___ DATA EXCERPTS

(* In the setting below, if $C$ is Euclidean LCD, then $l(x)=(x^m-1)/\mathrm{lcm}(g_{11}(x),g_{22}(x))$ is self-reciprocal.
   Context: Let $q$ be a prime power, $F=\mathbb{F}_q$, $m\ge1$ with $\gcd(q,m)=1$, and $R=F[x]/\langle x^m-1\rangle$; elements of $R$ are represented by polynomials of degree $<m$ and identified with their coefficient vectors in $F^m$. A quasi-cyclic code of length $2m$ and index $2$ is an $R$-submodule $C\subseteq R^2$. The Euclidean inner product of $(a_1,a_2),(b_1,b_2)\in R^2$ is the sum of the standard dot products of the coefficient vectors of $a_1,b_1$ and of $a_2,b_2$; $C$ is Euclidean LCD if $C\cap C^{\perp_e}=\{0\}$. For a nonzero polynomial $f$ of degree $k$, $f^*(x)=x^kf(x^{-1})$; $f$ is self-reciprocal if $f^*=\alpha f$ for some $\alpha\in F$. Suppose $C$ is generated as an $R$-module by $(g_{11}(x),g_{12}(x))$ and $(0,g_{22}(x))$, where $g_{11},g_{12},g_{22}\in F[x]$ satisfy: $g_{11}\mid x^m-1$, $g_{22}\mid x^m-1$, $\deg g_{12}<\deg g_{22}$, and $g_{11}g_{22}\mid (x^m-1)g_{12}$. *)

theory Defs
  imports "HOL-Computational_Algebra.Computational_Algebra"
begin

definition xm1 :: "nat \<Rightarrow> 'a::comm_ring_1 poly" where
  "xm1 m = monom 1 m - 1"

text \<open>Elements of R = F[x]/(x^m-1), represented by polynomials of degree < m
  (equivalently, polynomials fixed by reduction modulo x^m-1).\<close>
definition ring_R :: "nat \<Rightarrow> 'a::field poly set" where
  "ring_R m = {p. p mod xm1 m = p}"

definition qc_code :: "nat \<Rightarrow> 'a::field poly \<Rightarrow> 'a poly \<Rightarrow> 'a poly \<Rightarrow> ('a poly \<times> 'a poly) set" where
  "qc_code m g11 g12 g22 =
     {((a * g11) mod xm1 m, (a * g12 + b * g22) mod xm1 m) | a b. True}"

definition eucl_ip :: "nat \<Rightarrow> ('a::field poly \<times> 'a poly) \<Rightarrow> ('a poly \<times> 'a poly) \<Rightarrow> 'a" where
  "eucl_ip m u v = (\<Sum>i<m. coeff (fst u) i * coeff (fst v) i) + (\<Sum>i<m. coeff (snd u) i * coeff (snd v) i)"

______
___ DATA EXCERPTS

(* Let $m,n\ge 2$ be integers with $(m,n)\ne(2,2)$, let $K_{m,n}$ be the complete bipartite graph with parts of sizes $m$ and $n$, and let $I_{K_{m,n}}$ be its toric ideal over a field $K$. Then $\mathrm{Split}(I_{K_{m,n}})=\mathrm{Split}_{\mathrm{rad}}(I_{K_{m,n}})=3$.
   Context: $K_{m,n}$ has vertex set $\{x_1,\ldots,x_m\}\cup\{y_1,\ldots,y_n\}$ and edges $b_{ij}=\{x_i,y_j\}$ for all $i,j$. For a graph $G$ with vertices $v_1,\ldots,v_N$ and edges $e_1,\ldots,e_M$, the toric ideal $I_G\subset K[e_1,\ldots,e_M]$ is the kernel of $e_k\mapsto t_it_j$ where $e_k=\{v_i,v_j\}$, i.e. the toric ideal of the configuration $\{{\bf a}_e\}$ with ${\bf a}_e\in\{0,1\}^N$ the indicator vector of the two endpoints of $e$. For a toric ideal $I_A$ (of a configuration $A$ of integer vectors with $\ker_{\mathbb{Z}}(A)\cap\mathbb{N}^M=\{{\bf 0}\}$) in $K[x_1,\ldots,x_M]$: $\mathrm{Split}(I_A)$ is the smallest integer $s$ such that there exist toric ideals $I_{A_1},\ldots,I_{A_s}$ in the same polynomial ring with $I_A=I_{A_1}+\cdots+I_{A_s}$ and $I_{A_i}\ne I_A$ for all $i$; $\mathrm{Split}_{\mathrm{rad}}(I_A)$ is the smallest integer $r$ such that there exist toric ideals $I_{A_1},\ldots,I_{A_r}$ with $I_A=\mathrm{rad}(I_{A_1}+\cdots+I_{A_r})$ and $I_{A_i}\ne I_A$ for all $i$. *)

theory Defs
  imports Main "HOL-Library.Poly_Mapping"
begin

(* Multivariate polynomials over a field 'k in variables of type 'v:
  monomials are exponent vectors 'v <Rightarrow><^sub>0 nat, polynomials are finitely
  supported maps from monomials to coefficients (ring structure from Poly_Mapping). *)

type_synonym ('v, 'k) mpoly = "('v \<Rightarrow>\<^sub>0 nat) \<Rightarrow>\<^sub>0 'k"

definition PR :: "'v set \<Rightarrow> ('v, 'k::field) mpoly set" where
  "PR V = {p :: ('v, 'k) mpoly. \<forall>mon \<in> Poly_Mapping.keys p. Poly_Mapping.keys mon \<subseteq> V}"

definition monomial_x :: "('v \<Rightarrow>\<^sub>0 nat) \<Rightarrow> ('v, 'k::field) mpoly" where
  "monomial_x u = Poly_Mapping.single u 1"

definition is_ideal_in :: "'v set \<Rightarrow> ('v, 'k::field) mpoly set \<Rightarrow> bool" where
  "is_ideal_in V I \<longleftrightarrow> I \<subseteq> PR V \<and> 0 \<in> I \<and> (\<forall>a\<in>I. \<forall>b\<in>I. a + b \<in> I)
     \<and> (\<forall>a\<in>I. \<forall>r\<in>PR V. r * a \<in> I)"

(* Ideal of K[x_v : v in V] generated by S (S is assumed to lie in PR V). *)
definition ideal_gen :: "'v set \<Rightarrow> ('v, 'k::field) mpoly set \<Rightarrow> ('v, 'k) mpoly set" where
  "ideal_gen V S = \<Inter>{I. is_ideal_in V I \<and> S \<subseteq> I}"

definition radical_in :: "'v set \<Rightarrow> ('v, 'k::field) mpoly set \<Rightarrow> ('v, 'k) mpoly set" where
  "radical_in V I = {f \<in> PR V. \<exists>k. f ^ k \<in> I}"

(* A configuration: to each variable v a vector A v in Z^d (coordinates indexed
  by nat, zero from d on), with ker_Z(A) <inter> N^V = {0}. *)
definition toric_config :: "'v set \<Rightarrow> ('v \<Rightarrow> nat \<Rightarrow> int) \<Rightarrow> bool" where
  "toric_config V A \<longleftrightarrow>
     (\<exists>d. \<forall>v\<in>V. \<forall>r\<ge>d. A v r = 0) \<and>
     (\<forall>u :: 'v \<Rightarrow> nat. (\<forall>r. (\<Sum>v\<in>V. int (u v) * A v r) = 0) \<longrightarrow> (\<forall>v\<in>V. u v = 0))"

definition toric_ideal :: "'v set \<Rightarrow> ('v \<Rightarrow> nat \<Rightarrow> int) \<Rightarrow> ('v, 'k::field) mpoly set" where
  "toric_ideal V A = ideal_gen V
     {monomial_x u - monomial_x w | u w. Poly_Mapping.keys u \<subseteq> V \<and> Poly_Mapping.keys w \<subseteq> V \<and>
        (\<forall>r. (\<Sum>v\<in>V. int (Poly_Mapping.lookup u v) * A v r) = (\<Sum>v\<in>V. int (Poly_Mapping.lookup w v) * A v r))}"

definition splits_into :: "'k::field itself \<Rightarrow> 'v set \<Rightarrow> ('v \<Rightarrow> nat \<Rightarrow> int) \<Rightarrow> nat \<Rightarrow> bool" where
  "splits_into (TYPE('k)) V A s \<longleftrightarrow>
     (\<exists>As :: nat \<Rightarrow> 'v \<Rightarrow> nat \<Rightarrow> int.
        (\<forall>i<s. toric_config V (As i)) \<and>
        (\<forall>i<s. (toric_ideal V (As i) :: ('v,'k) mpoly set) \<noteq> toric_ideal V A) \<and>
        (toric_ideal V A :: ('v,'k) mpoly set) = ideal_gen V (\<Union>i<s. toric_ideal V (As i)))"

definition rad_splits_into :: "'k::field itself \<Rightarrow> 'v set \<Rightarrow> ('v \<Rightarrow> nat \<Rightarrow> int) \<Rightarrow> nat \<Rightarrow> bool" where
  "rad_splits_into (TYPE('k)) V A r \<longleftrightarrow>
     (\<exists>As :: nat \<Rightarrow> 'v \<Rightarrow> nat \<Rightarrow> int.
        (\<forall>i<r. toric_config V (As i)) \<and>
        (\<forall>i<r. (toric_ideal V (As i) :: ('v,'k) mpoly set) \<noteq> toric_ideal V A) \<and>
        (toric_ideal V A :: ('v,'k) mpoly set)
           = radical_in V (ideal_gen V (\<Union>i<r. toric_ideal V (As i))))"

______

- **REQUIRED WORK**:
The stretch of entries above that starts with the line containing "text \<open>Elements of" and goes on through the line containing "g11) mod xm1" is to be transcribed exactly, and no other line is to be transcribed.

- **OUTPUT FOR THIS TASK**:
text \<open>Elements of R = F[x]/(x^m-1), represented by polynomials of degree < m
  (equivalently, polynomials fixed by reduction modulo x^m-1).\<close>
definition ring_R :: "nat \<Rightarrow> 'a::field poly set" where
  "ring_R m = {p. p mod xm1 m = p}"

definition qc_code :: "nat \<Rightarrow> 'a::field poly \<Rightarrow> 'a poly \<Rightarrow> 'a poly \<Rightarrow> ('a poly \<times> 'a poly) set" where
  "qc_code m g11 g12 g22 =
     {((a * g11) mod xm1 m, (a * g12 + b * g22) mod xm1 m) | a b. True}"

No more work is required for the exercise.